Just returned from the theatre. This movie is a waste of time and money. And the way several parts of the story have been removed seriously takes the cake. I would not recommend the movie to even potter fans.


----------



## vamsi_krishna (Jul 20, 2009)

Rural Terror said:


> no offence vamsi.



ya, i know ico, just fu(k off.


----------



## krates (Jul 20, 2009)

ICO you got a username change or what ???


----------



## vamsi_krishna (Jul 20, 2009)

krates, ico is rural terror.


----------



## Coool (Jul 20, 2009)

more you expect, more it will bore you


----------



## Coool (Jul 20, 2009)

vamsikrishna919 said:


> krates, ico is rural terror.



 Why???? What happend to ICO id????


----------



## Liverpool_fan (Jul 20, 2009)

Rural Terror is 
........................
........................
........................
........................














Hermoine Granger


----------



## Techn0crat (Jul 20, 2009)

T:ROTF(Transformers:Revenge of the fallen;not Transformers:Rolling on the floor) also suck to the core.Check rottentomatos.I told my friend not to go,but he said he wanted to watch devastator in action and want to drool over CG.He watched movie and after show was over,he called me and said,"you were right,I now need aspirin."
 As of HP6,Critics and fans are praising it.You can't expect to cram entire book into two and half hour movie.I am definately going to watch this movie because I know I will accept the changes they made to books(read all of them,several times.)As of flaws,minor mistakes are later corrected in next editions while flaws are not remaind so because JKR has answered many of them in interviews.Not like Wachowaskies where fans are still *fighting to unanswered questions(including me).

 BTW read this superb review of T:ROTF : *blogs.suntimes.com/ebert/2009/06/the_fall_of_the_revengers.html


----------



## vamsi_krishna (Jul 20, 2009)

Actually, lC0 thought of concentrating on studies. So, he asked fatbeing(nimish) to put him in shameful misery state. 

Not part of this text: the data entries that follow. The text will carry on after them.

lemma constant_of_identification:
  assumes unit_diff: "\<And>x. x mod n \<noteq> 0 \<Longrightarrow> coprime (J 0 - J x) n"
    and x: "x \<in> X" and x': "x' \<in> X" and ne: "x \<noteq> x'" and fe: "f x = f x'"
  shows "\<forall>z\<in>X. f z = f (0, 0)"
proof -
  obtain i a where xx: "x = (i, a)" by (cases x)
  obtain i' a' where xx': "x' = (i', a')" by (cases x')
  have ia: "(i, a) \<in> X" and ia': "(i', a') \<in> X" using x x' by (simp_all add: xx xx')
  have fe': "f (i, a) = f (i', a')" using fe by (simp add: xx xx')
  show ?thesis
  proof (cases "a = a'")
    case True
    then have "(i', a) \<in> X" "i \<noteq> i'" "f (i, a) = f (i', a)"
      using ia' ne fe' by (simp_all add: xx xx')
    then show ?thesis by (rule constant_of_row_pair[OF ia])
  next
    case aa: False
    show ?thesis
    proof (cases "i = i'")
      case True
      then have "(i, a') \<in> X" "f (i, a) = f (i, a')" using ia' fe' by simp_all
      then show ?thesis by (rule constant_of_column_pair[OF ia _ aa])
    next
      case ii: False
      show ?thesis
      proof (cases "[a - i = a' - i'] (mod n)")
        case True
        then show ?thesis by (rule constant_of_diagonal_pair[OF ia ia' aa _ fe'])
      next
        case False
        have n2: "n \<noteq> 2"
        proof
          assume two: "n = 2"
          have "0 \<le> i" "i < 2" "0 \<le> a" "a < 2" "0 \<le> i'" "i' < 2" "0 \<le> a'" "a' < 2"
            using ia ia' two by (simp_all add: carrierZ2_def)
          then have "(2::int) dvd (a - i - (a' - i'))" using aa ii by presburger
          then show False using False two by (simp add: cong_iff_dvd_diff)
        qed
        show ?thesis by (rule constant_of_skew_pair[OF unit_diff n2 ia ia' aa fe'])
      qed
    qed
  qed
qed

end

lemma rZ_simple:
  assumes unit_diff: "\<And>x. x mod n \<noteq> 0 \<Longrightarrow> coprime (J 0 - J x) n"
  shows "is_simple X (rZ n t j) TYPE('b)"
proof (rule is_simpleI)
  have "card X = nat n * nat n" by (simp add: carrierZ2_def card_cartesian_product)
  moreover have "nat n * nat n \<ge> 2 * 2" using n_gt_1 by (intro mult_mono) simp_all
  ultimately show "card X > 1" by simp
next
  fix Y :: "'b set" and s f x x'
  assume sol: "is_solution Y s" and hom: "is_hom X (rZ n t j) Y s f"
    and x: "x \<in> X" and x': "x' \<in> X" "x \<noteq> x'" "f x = f x'"
  have const: "\<forall>z\<in>X. f z = f (0, 0)"
    using constant_of_identification[OF sol hom unit_diff x x'] .
  show "\<forall>z\<in>X. \<forall>z'\<in>X. f z = f z'"
  proof (intro ballI)
    fix z z' assume "z \<in> X" "z' \<in> X"
    then show "f z = f z'" using const by (metis (no_types))
  qed
qed

end

theorem mainTheorem5:
  fixes n t :: int and j :: "int \<Rightarrow> int"
  assumes n: "n > 1"
    and t_unit: "coprime t n"
    and j_sym: "\<forall>i. [j ((- i) mod n) = j (i mod n)] (mod n)"
    and j_pow: "\<forall>i s. [j ((zpow_mod n t s * i) mod n)
                      = zpow_mod n t s * j (i mod n) - (zpow_mod n t s - 1) * j 0] (mod n)"
    and j_sep: "\<forall>i. i mod n \<noteq> 0 \<longrightarrow>
                   (\<exists>k. coprime (j ((i + k) mod n) - j (k mod n)) n)"
  shows "is_solution (carrierZ2 n) (rZ n t j)
       \<and> indecomposable (carrierZ2 n) (rZ n t j)
       \<and> irretractable (carrierZ2 n) (rZ n t j)
       \<and> ((\<forall>i. i mod n \<noteq> 0 \<longrightarrow> coprime (j 0 - j (i mod n)) n)
          \<and> (\<forall>i k. \<not> [j (i mod n) = j (k mod n)] (mod n)
                      \<longrightarrow> coprime (j (i mod n) - j (k mod n)) n)
          \<longrightarrow> is_simple (carrierZ2 n) (rZ n t j) TYPE('b))"
proof -
  have "zpow_mod n t 1 = t" by (simp add: zpow_mod_def)
  then interpret zn_solution n t j
    using n t_unit j_sym j_pow j_sep by unfold_locales metis+
  have "is_simple (carrierZ2 n) (rZ n t j) TYPE('b)"
    if "\<forall>i. i mod n \<noteq> 0 \<longrightarrow> coprime (j 0 - j (i mod n)) n"
    using that by (intro rZ_simple) (simp add: J_def)
  then show ?thesis using rZ_is_solution rZ_indecomposable rZ_irretractable by blast
qed

end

Days passed, he can't resist to keep himself away from this forum. Created a account nammed ruralterr0r.


----------



## Aspire (Jul 20, 2009)

Liverpool_fan said:


> Book 6 (along with 5,and7) sucked anyway. I had not better expectation for movie. Particularly when the way they fscked up Goblet.



Book 6 is the best n00b
Book 1,2,3 suck.
4 is good
5 is the second best
6 is the best
7 is the worst


----------



## Aspire (Jul 20, 2009)

Liverpool_fan said:


> Rural Terror is
> ........................
> ........................
> ........................
> ...




ICO's alive again


----------



## thewisecrab (Jul 20, 2009)

HP was for kids anyway. Highly over-rated IMO. I got bored of it when I was in 7th std itself 

@krates
I think you have to be a bit realistic. In most cases where books are made into movies, the book is always better. It happened HP3 onwards, with Angels and demons or even Da Vinci Code. Even so, my friends agree with you that this movie sucked beyond comprehension.


----------



## Liverpool_fan (Jul 21, 2009)

Aspire said:


> Book 6 is the best n00b
> Book 1,2,3 suck.
> 4 is good
> 5 is the second best
> ...


Book 1,2,3 suck? Book 6 teh best? LOL!!!


----------



## thewisecrab (Jul 21, 2009)

Even I'm loling at Aspire's post


----------



## mrintech (Jul 21, 2009)

Harry Putter and Half CHA  I Prince


----------



## Coool (Jul 21, 2009)

^^


----------



## Aspire (Jul 21, 2009)

Liverpool_fan said:


> Book 1,2,3 suck? Book 6 teh best? LOL!!!



You read them???


----------



## Liverpool_fan (Jul 21, 2009)

Naah! I was only counting the Ps and Qs.


----------



## Psychosocial (Jul 21, 2009)

Liverpool_fan said:


> Book 6 (along with 5,and7) sucked anyway. I had not better expectation for movie. Particularly when the way they fscked up Goblet.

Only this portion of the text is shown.